BOOK REVIEW

<BOOK REVIEW>『ネットテレビの衝撃 20XX年のコンテンツビジネス』

2010/12/22 15:27

週刊BCN 2010年12月20日vol.1363掲載

 名は必ずしも体を表していない。アップルTVやグーグルTVなど、インターネットにつながる「ネットテレビ」は一つの象徴であり、むしろ副題の「コンテンツビジネス」の過去と今、そして明日を読むための一冊である。ハードである「TV」と消費される「コンテンツ」を並べたところに、本書の主題がある。

 語られるのは、メディアのビジネスモデルだ。アメリカを中心に繰り広げられてきたメディアの主導権争いとM&Aを振り返りながら、アメリカの映像ビジネスの現状と変化の萌芽を紹介する。

 いわく、ネットがコンテンツ流通の主流となるなかでは、端末となるデジタル製品自体は汎用技術の集合体になり、差異化を図ることができない。かといって、iPodとiTunesのように端末と流通をセットにした戦略も、コンテンツがフリー化するいま、すでにビジネスモデルとしての優位性は失われつつある。そこで出てくるのが、端末を動かすOSの覇権争い、検索などの使い勝手による差異化、そしてユーザーがつくるソーシャルメディアの取り込みだ。

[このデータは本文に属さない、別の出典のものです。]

lemma norm_dirichlet_kernel_le_inverse:
  assumes \<mu>: "0 < \<mu>" "\<mu> \<le> frac t" "\<mu> \<le> 1 - frac t"
  shows "cmod (dirichlet_kernel P t) \<le> 1 / \<mu>"
proof -
  define w where "w = e t"
  have "\<mu> \<le> sin (pi * frac t)"
  proof (cases "frac t \<le> 1/2")
    case True
    then show ?thesis using \<mu> sin_pi_ge[of "frac t"] by simp
  next
    case False
    then have "1 - frac t \<le> sin (pi * (1 - frac t))"
      using sin_pi_ge[of "1 - frac t"] frac_lt_1[of t] by simp
    then show ?thesis using \<mu> by (simp add: right_diff_distrib sin_diff)
  qed
  then have w: "2 * \<mu> \<le> cmod (1 - w)"
    using norm_1_minus_e[of "frac t"] unfolding w_def e_frac by linarith
  then have "w \<noteq> 1" using \<mu> by auto
  then have "dirichlet_kernel P t = (1 - w ^ P) / (1 - w)"
    unfolding dirichlet_kernel_def e_of_nat_mult w_def by (simp add: sum_gp_strict)
  moreover have "cmod (1 - w ^ P) \<le> 2"
    using norm_triangle_ineq4[of 1 "w ^ P"] by (simp add: w_def norm_power)
  ultimately have "cmod (dirichlet_kernel P t) \<le> 2 / (2 * \<mu>)"
    using w \<mu> by (simp only: norm_divide) (intro frac_le, auto)
  then show ?thesis by simp
qed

メーカーもコンテンツホルダーもプロバイダも通信キャリアも、プラットフォームと流通網の構築に血道を上げる。

 スマートフォンが売れ、国産電子書籍端末やスレートが登場。コンテンツサービス提供会社に至っては、雨後の筍のような状況にある日本。いよいよマルチコンテンツ時代のスタートラインに立ったといえる。その先読みに、欠かせない基礎知識を提供してくれる一冊だ。(叢虎)


『ネットテレビの衝撃 20XX年のコンテンツビジネス』
志村一隆 著 東洋経済新報社刊(1500円+税)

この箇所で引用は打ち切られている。